WHAT TO DO: From the entries, copy every line that carries the string "simp".

GIVEN ENTRIES:
text \<open>Complete k-partite graph K(m,2,...,2): vertices (i,j) with part index i < k,
  part 0 of size m, parts 1..k-1 of size 2; adjacency iff in different parts.\<close>
definition Kpart_V :: "nat \<Rightarrow> nat \<Rightarrow> (nat \<times> nat) set" where
  "Kpart_V m k = {(i, j). i < k \<and> j < (if i = 0 then m else 2)}"

definition Kpart_E :: "nat \<times> nat \<Rightarrow> nat \<times> nat \<Rightarrow> bool" where
  "Kpart_E u v \<longleftrightarrow> fst u \<noteq> fst v"

end

theory Submission
  imports Defs
begin

(* Lists of size at least k satisfy Hall's condition on any graph with a proper
   k-colouring: splitting H_sigma along the colour classes gives
   |H_sigma| <= k alpha(H_sigma), and summing over sigma counts every vertex v of H
   |L(v)| >= k times. So once ch(G) > k, a non-colourable assignment with lists of
   size ch(G) - 1 satisfies Hall's condition, and h(G) = ch(G).

   To get ch(G) > k, give the two vertices of each part of size 2 the palettes
   A = {0..<k} and B = k + {0..<k}. In a proper colouring the k - 1 vertices using
   A miss only one colour a of A, and those using B miss only one colour k + b of B.
   The five vertices (0, j) get A - I_j together with k + ({0..<k} - J_j), where the
   rectangles I_j x J_j, with |I_j| + |J_j| <= k, tile the k x k grid like a
   pinwheel; the rectangle containing (a, b) leaves its vertex no colour. *)

lemma list_assignment_min_mono:
  "list_assignment_min V L s \<Longrightarrow> t \<le> s \<Longrightarrow> list_assignment_min V L t"
  unfolding list_assignment_min_def by auto

lemma card_le_alpha:
  assumes "finite W" "S \<subseteq> W" "independent F S"
  shows "card S \<le> alpha W F"
proof -
  have "finite {card S | S. S \<subseteq> W \<and> independent F S}"
    by (rule finite_subset[of _ "card ` Pow W"]) (auto simp: assms)
  then show ?thesis
    unfolding alpha_def using assms by (intro Max_ge) blast+
qed

lemma card_le_mult_alpha:
  assumes "finite W" and proper: "\<forall>u\<in>W. \<forall>v\<in>W. F u v \<longrightarrow> f u \<noteq> f v"
    and colors: "f ` W \<subseteq> {..<k}"
  shows "card W \<le> k * alpha W F"
proof -
  have "W = (\<Union>i<k. {v\<in>W. f v = i})" using colors by auto
  then have "card W \<le> (\<Sum>i<k. card {v\<in>W. f v = i})"
    by (metis card_UN_le finite_lessThan)
  also have "\<dots> \<le> (\<Sum>i<k. alpha W F)"
    using assms(1) proper by (intro sum_mono card_le_alpha) (force simp: independent_def)+
  also have "\<dots> = k * alpha W F" by simp
  finally show ?thesis .
qed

EXPECTED ANSWER:
    by (rule finite_subset[of _ "card ` Pow W"]) (auto simp: assms)
    using assms(1) proper by (intro sum_mono card_le_alpha) (force simp: independent_def)+
  also have "\<dots> = k * alpha W F" by simp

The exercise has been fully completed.